Все проплывающие - Юрий Буйда 27 стр.


Оставив ключ в двери, Шеберстов быстро спустился к рентгеновскому кабинету, постучал. Из красноватой тьмы выглянула похожая на сморщенную обезьянку мадам Цитриняк.

– Клавдия Лейбовна, если будут спрашивать, я скоро вернусь…

– Ну да. – Она вылущила из мятой пачки папиросу, звучно продула мундштук. – У тебя разболелась голова, и ты решил прогуляться на кладбище…

– Сколько раз я просил не курить в больнице, Клава! – прорычал Шеберстов и с силой захлопнул за собой вечно дребезжавшую дверь с узкими витражами.

Сунув руки поглубже в карманы, он неторопливо зашагал по тротуару, жадно вдыхая влажный воздух.
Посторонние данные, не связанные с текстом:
(* For integers $d \ge 0$ define \[ \textsc{OCB}^*(d) := 0.8948 \int_0^{1/2} \frac{r(1-2r)}{(1-r)^2}\, r^d \, dr, \qquad \textsc{MLB}^*(d) := 0.9 \int_0^{1/2} \frac{(1-2r)^2}{(1-r)^3}\, r^d \, dr . \] Let $\textnormal{\textsc{Thr}}$ be a positive constant with $\textnormal{\textsc{Thr}} \le 1/4678$. Then: (1) for every integer $d \ge 5$, $\textsc{OCB}^*(d) \ge \textsc{MLB}^*(d)$; (2) for every integer $0 \le d \le 4$, $\textsc{OCB}^*(d) \ge \frac{1}{1131} \ge \textnormal{\textsc{Thr}}$ and $\textsc{MLB}^*(d) \ge \frac{1}{1131} \ge \textnormal{\textsc{Thr}}$.
   Context: $\textnormal{\textsc{Thr}}$ is the label-density threshold fixed in the paper; the only property of it used in this statement is $\textnormal{\textsc{Thr}} \le 1/4678$. *)

theory Defs
  imports "HOL-Analysis.Analysis"
begin

definition OCB_star :: "nat \<Rightarrow> real" where
  "OCB_star d = 0.8948 * integral {0..1/2} (\<lambda>r::real. r * (1 - 2*r) / (1 - r)^2 * r ^ d)"

definition MLB_star :: "nat \<Rightarrow> real" where
  "MLB_star d = 0.9 * integral {0..1/2} (\<lambda>r::real. (1 - 2*r)^2 / (1 - r)^3 * r ^ d)"

end

theory Submission
  imports Defs
begin

(* Both integrands are a nonnegative weight on [0, 1/2] times r^d, so OCB*(d) and MLB*(d)
   decrease in d and part (2) reduces to d = 4, where the integrals are of the form a + b ln 2
   with rational a, b.  For part (1), OCB*(d) - MLB*(d) is the d-th moment of the weight
   w(r) = (1 - 2r)/(1 - r)^3 q(r), whose quadratic factor q is increasing on [0, 1/2] and has a
   root c there; hence (r - c) w(r) >= 0, so w(r) r^5 (r^k - c^k) >= 0 and
   OCB*(5 + k) - MLB*(5 + k) >= c^k (OCB*(5) - MLB*(5)) >= 0, the last step by the closed form
   at d = 5.  The closed forms are compared with the constants using ln 2 to eight decimals. *)

lemma ln_series_quadratic_bounds:
  fixes x :: real
  assumes "1 \<le> x"
  defines "y \<equiv> (x - 1) / (x + 1)"
  shows "(\<Sum>n<N. 2 * y ^ (2*n+1) / real (2*n+1)) \<le> ln x"
    and "ln x \<le> (\<Sum>n<N. 2 * y ^ (2*n+1) / real (2*n+1))
                    + 2 * y ^ (2*N+1) / (real (2*N+1) * (1 - y\<^sup>2))"
proof -
  define t where "t = (\<lambda>n. 2 * y ^ (2*n+1) / real (2*n+1))"
  have t_sums: "t sums ln x"
    unfolding t_def y_def using ln_series_quadratic[of x] assms(1) by simp
  have y: "0 \<le> y" "y < 1"
    using assms by (auto simp: y_def divide_simps)
  have t_nonneg: "0 \<le> t n" for n
    using y by (simp add: t_def)
  have "sum t {..<N} \<le> ln x"
    using sum_le_suminf[OF sums_summable[OF t_sums], of "{..<N}"] t_nonneg
    by (simp add: sums_unique[OF t_sums, symmetric])
  then show "(\<Sum>n<N. 2 * y ^ (2*n+1) / real (2*n+1)) \<le> ln x"
    by (simp add: t_def)
  define C where "C = 2 * y ^ (2*N+1) / real (2*N+1)"
  have geometric: "(\<lambda>n. C * (y\<^sup>2) ^ n) sums (C / (1 - y\<^sup>2))"
    using geometric_sums[of "y\<^sup>2"] y sums_mult[of _ _ C]
    by (simp add: abs_square_less_1 divide_inverse)
  have tail_le: "t (n + N) \<le> C * (y\<^sup>2) ^ n" for n
  proof -
    have "y ^ (2*(n+N)+1) = y ^ (2*N+1) * (y\<^sup>2) ^ n"
      by (simp add: algebra_simps flip: power_add power_mult)
    then have "t (n + N) = 2 * y ^ (2*N+1) * (y\<^sup>2) ^ n / real (2*(n+N)+1)"
      by (simp add: t_def)
    also have "\<dots> \<le> 2 * y ^ (2*N+1) * (y\<^sup>2) ^ n / real (2*N+1)"
      using y by (intro divide_left_mono) auto
    finally show ?thesis
      by (simp add: C_def)
  qed
  have "ln x = (\<Sum>n<N. t n) + (\<Sum>n. t (n + N))"
    using suminf_split_initial_segment[OF sums_summable[OF t_sums], of N]
    by (simp add: sums_unique[OF t_sums, symmetric])
  also have "(\<Sum>n. t (n + N)) \<le> C / (1 - y\<^sup>2)"
    using suminf_le[OF tail_le summable_ignore_initial_segment[OF sums_summable[OF t_sums]]
        sums_summable[OF geometric]]
    by (simp add: sums_unique[OF geometric, symmetric])
  finally show "ln x \<le> (\<Sum>n<N. 2 * y ^ (2*n+1) / real (2*n+1))
                         + 2 * y ^ (2*N+1) / (real (2*N+1) * (1 - y\<^sup>2))"
    by (simp add: t_def C_def)
qed

text \<open>The bound \<open>1/1131 \<le> OCB_star 4\<close> needs \<open>ln 2 \<ge> 0.69314712\<close>.\<close>

lemma ln_2_bounds: "0.69314718 \<le> ln (2::real)" "ln (2::real) \<le> 0.69314719"
  using ln_series_quadratic_bounds[of 2 9] by (simp_all add: eval_nat_numeral power_divide)

lemma integral_eq_antiderivative_diff:
  fixes F f :: "real \<Rightarrow> real"
  assumes "a \<le> b" and "\<And>x. x \<in> {a..b} \<Longrightarrow> (F has_real_derivative f x) (at x)"
  shows "integral {a..b} f = F b - F a"
  using assms
  by (intro integral_unique fundamental_theorem_of_calculus)
     (auto simp: has_real_derivative_iff_has_vector_derivative[symmetric] intro: has_field_derivative_at_within)

text \<open>The antiderivatives come from partial fractions in \<open>1 - r\<close>.\<close>

lemma OCB_star_4: "OCB_star 4 = 0.8948 * (7 * ln 2 - 4657/960)"
proof -
  let ?F = "\<lambda>r::real. - 1 / (1 - r) - 7 * ln (1 - r) + 20 * (1 - r) - 15 * (1 - r)^2
    + 25/3 * (1 - r)^3 - 11/4 * (1 - r)^4 + 2/5 * (1 - r)^5"
  have "(?F has_real_derivative r * (1 - 2*r) / (1 - r)^2 * r^4) (at r)" if "r < 1" for r
    using that by (auto intro!: derivative_eq_intros)
      (simp add: divide_simps, simp add: algebra_simps power_numeral_reduce)
  then have "integral {0..1/2} (\<lambda>r. r * (1 - 2*r) / (1 - r)^2 * r^4) = ?F (1/2) - ?F 0"
    by (intro integral_eq_antiderivative_diff) auto
  then show ?thesis
    by (simp add: OCB_star_def ln_div power_divide)
qed

lemma OCB_star_5: "OCB_star 5 = 0.8948 * (8 * ln 2 - 5323/960)"
proof -
  let ?F = "\<lambda>r::real. - 1 / (1 - r) - 8 * ln (1 - r) + 27 * (1 - r) - 25 * (1 - r)^2
    + 55/3 * (1 - r)^3 - 9 * (1 - r)^4 + 13/5 * (1 - r)^5 - 1/3 * (1 - r)^6"
  have "(?F has_real_derivative r * (1 - 2*r) / (1 - r)^2 * r^5) (at r)" if "r < 1" for r
    using that by (auto intro!: derivative_eq_intros)
      (simp add: divide_simps, simp add: algebra_simps power_numeral_reduce)
  then have "integral {0..1/2} (\<lambda>r. r * (1 - 2*r) / (1 - r)^2 * r^5) = ?F (1/2) - ?F 0"
    by (intro integral_eq_antiderivative_diff) auto
  then show ?thesis
    by (simp add: OCB_star_def ln_div power_divide)
qed

lemma MLB_star_4: "MLB_star 4 = 0.9 * (26 * ln 2 - 865/48)"
proof -
  let ?F = "\<lambda>r::real. 1/2 / (1 - r)^2 - 8 / (1 - r) - 26 * ln (1 - r) + 44 * (1 - r)
    - 41/2 * (1 - r)^2 + 20/3 * (1 - r)^3 - (1 - r)^4"
  have "(?F has_real_derivative (1 - 2*r)^2 / (1 - r)^3 * r^4) (at r)" if "r < 1" for r
    using that by (auto intro!: derivative_eq_intros)
      (simp add: divide_simps, simp add: algebra_simps power_numeral_reduce)
  then have "integral {0..1/2} (\<lambda>r. (1 - 2*r)^2 / (1 - r)^3 * r^4) = ?F (1/2) - ?F 0"
    by (intro integral_eq_antiderivative_diff) auto
  then show ?thesis
    by (simp add: MLB_star_def ln_div power_divide)
qed

lemma MLB_star_5: "MLB_star 5 = 0.9 * (34 * ln 2 - 707/30)"
proof -
  let ?F = "\<lambda>r::real. 1/2 / (1 - r)^2 - 9 / (1 - r) - 34 * ln (1 - r) + 70 * (1 - r)
    - 85/2 * (1 - r)^2 + 61/3 * (1 - r)^3 - 6 * (1 - r)^4 + 4/5 * (1 - r)^5"
  have "(?F has_real_derivative (1 - 2*r)^2 / (1 - r)^3 * r^5) (at r)" if "r < 1" for r
    using that by (auto intro!: derivative_eq_intros)
      (simp add: divide_simps, simp add: algebra_simps power_numeral_reduce)
  then have "integral {0..1/2} (\<lambda>r. (1 - 2*r)^2 / (1 - r)^3 * r^5) = ?F (1/2) - ?F 0"
    by (intro integral_eq_antiderivative_diff) auto
  then show ?thesis
    by (simp add: MLB_star_def ln_div power_divide)
qed

lemma integral_mult_power_antimono:
  fixes g :: "real \<Rightarrow> real"
  assumes "continuous_on {a..b} g" and "\<And>r. r \<in> {a..b} \<Longrightarrow> 0 \<le> g r"
    and "0 \<le> a" and "b \<le> 1" and "m \<le> n"
  shows "integral {a..b} (\<lambda>r. g r * r ^ n) \<le> integral {a..b} (\<lambda>r. g r * r ^ m)"
proof -
  have "(\<lambda>r. g r * r ^ k) integrable_on {a..b}" for k
    using assms(1) by (intro integrable_continuous_interval continuous_intros)
  moreover have "g r * r ^ n \<le> g r * r ^ m" if "r \<in> {a..b}" for r
    using assms that by (intro mult_left_mono power_decreasing) auto
  ultimately show ?thesis
    by (intro integral_le)
qed

lemma integral_mult_power_ge_sign_change:
  fixes h :: "real \<Rightarrow> real"
  assumes "continuous_on {a..b} h" and "0 \<le> a" and "0 \<le> c"
    and "\<And>r. r \<in> {a..b} \<Longrightarrow> 0 \<le> (r - c) * h r"
  shows "c ^ k * integral {a..b} h \<le> integral {a..b} (\<lambda>r. h r * r ^ k)"
proof -
  have "c ^ k * h r \<le> h r * r ^ k" if r: "r \<in> {a..b}" for r
  proof (cases r c rule: linorder_cases)
    case less
    have "h r \<le> 0"
      using assms(4)[OF r] less by (simp add: zero_le_mult_iff)
    moreover have "r ^ k \<le> c ^ k"
      using less assms(2) r by (intro power_mono) auto
    ultimately show ?thesis
      by (simp add: mult.commute mult_left_mono_neg)
  next
    case equal
    then show ?thesis
      by simp
  next
    case greater
    have "0 \<le> h r"
      using assms(4)[OF r] greater by (simp add: zero_le_mult_iff)
    moreover have "c ^ k \<le> r ^ k"
      using greater assms(3) by (intro power_mono) auto
    ultimately show ?thesis
      by (simp add: mult.commute mult_left_mono)
  qed
  then have "integral {a..b} (\<lambda>r. c ^ k * h r) \<le> integral {a..b} (\<lambda>r. h r * r ^ k)"
    using assms(1) by (intro integral_le integrable_continuous_interval continuous_intros) auto
  moreover have "integral {a..b} (\<lambda>r. c ^ k * h r) = c ^ k * integral {a..b} h"
    using assms(1) by (intro integral_mult[symmetric] integrable_continuous_interval)
  ultimately show ?thesis
    by simp
qed

lemma OCB_star_antimono: "m \<le> n \<Longrightarrow> OCB_star n \<le> OCB_star m"
  unfolding OCB_star_def
  by (intro mult_left_mono integral_mult_power_antimono) (auto intro!: continuous_intros)

lemma MLB_star_antimono: "m \<le> n \<Longrightarrow> MLB_star n \<le> MLB_star m"
  unfolding MLB_star_def
  by (intro mult_left_mono integral_mult_power_antimono) (auto intro!: continuous_intros)

definition gap_weight :: "real \<Rightarrow> real" where
  "gap_weight r = (1 - 2*r) / (1 - r)^3 * (0.8948 * r * (1 - r) - 0.9 * (1 - 2*r))"

lemma continuous_on_gap_weight: "continuous_on {0..1/2} gap_weight"
  unfolding gap_weight_def by (intro continuous_intros) auto

lemma gap_weight_eq:
  fixes r :: real
  assumes "r \<noteq> 1"
  shows "gap_weight r = 0.8948 * (r * (1 - 2*r) / (1 - r)^2) - 0.9 * ((1 - 2*r)^2 / (1 - r)^3)"
proof -
  have "a / u^3 * (0.8948 * r * u - 0.9 * a) = 0.8948 * (r * a / u^2) - 0.9 * (a^2 / u^3)"
    if "u \<noteq> 0" for a u :: real
    using that by (simp add: field_simps power2_eq_square power3_eq_cube)
  from this[of "1 - r" "1 - 2*r"] show ?thesis
    unfolding gap_weight_def using assms by simp
qed

lemma OCB_star_minus_MLB_star:
  "OCB_star d - MLB_star d = integral {0..1/2} (\<lambda>r. gap_weight r * r ^ d)"
proof -
  let ?f = "\<lambda>r::real. r * (1 - 2*r) / (1 - r)^2 * r ^ d"
  let ?g = "\<lambda>r::real. (1 - 2*r)^2 / (1 - r)^3 * r ^ d"
  have "?f integrable_on {0..1/2}" "?g integrable_on {0..1/2}"
    by (intro integrable_continuous_interval continuous_intros; force)+
  then have "OCB_star d - MLB_star d
      = integral {0..1/2} (\<lambda>r. 0.8948 * ?f r) - integral {0..1/2} (\<lambda>r. 0.9 * ?g r)"
    unfolding OCB_star_def MLB_star_def by (simp only: integral_mult)
  also have "\<dots> = integral {0..1/2} (\<lambda>r. 0.8948 * ?f r - 0.9 * ?g r)"
    using \<open>?f integrable_on _\<close> \<open>?g integrable_on _\<close>
    by (intro integral_diff[symmetric] integrable_on_mult_right)
  also have "\<dots> = integral {0..1/2} (\<lambda>r. gap_weight r * r ^ d)"
  proof (rule integral_cong)
    fix r :: real
    assume "r \<in> {0..1/2}"
    then have "r \<noteq> 1"
      by auto
    then show "0.8948 * ?f r - 0.9 * ?g r = gap_weight r * r ^ d"
      by (simp add: gap_weight_eq left_diff_distrib)
  qed
  finally show ?thesis .
qed

lemma gap_weight_sign_change: "\<exists>c\<ge>0. \<forall>r\<in>{0..1/2}. 0 \<le> (r - c) * gap_weight r"
proof -
  define q where "q r = 0.8948 * r * (1 - r) - 0.9 * (1 - 2*r)" for r :: real
  have "\<exists>c. 0 \<le> c \<and> c \<le> 1/2 \<and> q c = 0"
    by (rule IVT') (auto simp: q_def intro!: continuous_intros)
  then obtain c where c: "0 \<le> c" "c \<le> 1/2" "q c = 0"
    by blast
  have "0 \<le> (r - c) * gap_weight r" if r: "r \<in> {0..1/2}" for r
  proof -
    have "(r - c) * q r = (r - c) * (q r - q c)"
      using c(3) by simp
    also have "\<dots> = (r - c)^2 * (0.8948 * (1 - r - c) + 1.8)"
      by (simp add: q_def power2_eq_square field_simps)
    also have "\<dots> \<ge> 0"
      using r c by (intro mult_nonneg_nonneg) auto
    finally have "0 \<le> (r - c) * q r" .
    moreover have "0 \<le> (1 - 2*r) / (1 - r)^3"
      using r by auto
    ultimately have "0 \<le> (r - c) * q r * ((1 - 2*r) / (1 - r)^3)"
      by (rule mult_nonneg_nonneg)
    then show ?thesis
      by (simp add: gap_weight_def q_def mult_ac)
  qed
  with c show ?thesis
    by blast
qed

lemma MLB_star_le_OCB_star:
  assumes "5 \<le> d"
  shows "MLB_star d \<le> OCB_star d"
proof -
  obtain c where c: "0 \<le> c" and sign: "\<And>r. r \<in> {0..1/2} \<Longrightarrow> 0 \<le> (r - c) * gap_weight r"
    using gap_weight_sign_change by blast
  have "0 \<le> OCB_star 5 - MLB_star 5"
    using ln_2_bounds(2) by (simp add: OCB_star_5 MLB_star_5)
  then have "0 \<le> c ^ (d - 5) * integral {0..1/2} (\<lambda>r. gap_weight r * r ^ 5)"
    using c by (simp add: OCB_star_minus_MLB_star)
  also have "\<dots> \<le> integral {0..1/2} (\<lambda>r. gap_weight r * r ^ 5 * r ^ (d - 5))"
  proof (rule integral_mult_power_ge_sign_change)
    show "0 \<le> (r - c) * (gap_weight r * r ^ 5)" if "r \<in> {0..1/2}" for r
      using mult_nonneg_nonneg[OF sign[OF that], of "r ^ 5"] that by (simp add: mult.assoc)
  qed (use c in \<open>auto intro!: continuous_intros continuous_on_gap_weight\<close>)
  also have "\<dots> = OCB_star d - MLB_star d"
    using assms by (simp add: OCB_star_minus_MLB_star mult.assoc flip: power_add)
  finally show ?thesis
    by simp
qed

lemma one_div_1131_le_OCB_star: "d \<le> 4 \<Longrightarrow> 1/1131 \<le> OCB_star d"
  using OCB_star_antimono[of d 4] ln_2_bounds(1) by (simp add: OCB_star_4)

lemma one_div_1131_le_MLB_star: "d \<le> 4 \<Longrightarrow> 1/1131 \<le> MLB_star d"
  using MLB_star_antimono[of d 4] ln_2_bounds(1) by (simp add: MLB_star_4)

theorem mainTheorem4:
  fixes Thr :: real
  assumes "0 < Thr" and "Thr \<le> 1/4678"
  shows "(\<forall>d::nat. d \<ge> 5 \<longrightarrow> OCB_star d \<ge> MLB_star d) \<and>
         (\<forall>d::nat. d \<le> 4 \<longrightarrow>
            OCB_star d \<ge> 1/1131 \<and> (1/1131::real) \<ge> Thr \<and>
            MLB_star d \<ge> 1/1131)"
  using MLB_star_le_OCB_star one_div_1131_le_OCB_star one_div_1131_le_MLB_star assms(2) by auto

end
Голова и впрямь разболелась.

Впереди плелась лошадь, однообразно покачивалась на сиденье Анна, брякал в телеге – далеко слышно – гроб, трещала по мелкой гладкой брусчатке тележка Ильи.

Так не должно быть, сердито подумал Шеберстов.

На повороте в Липовую его догнала жена, маленькая сухонькая женщина с личиком, казавшимся свежевыбритым. Не сбавляя шагу, Шеберстов выставил вбок правый локоть, жена взяла его под руку.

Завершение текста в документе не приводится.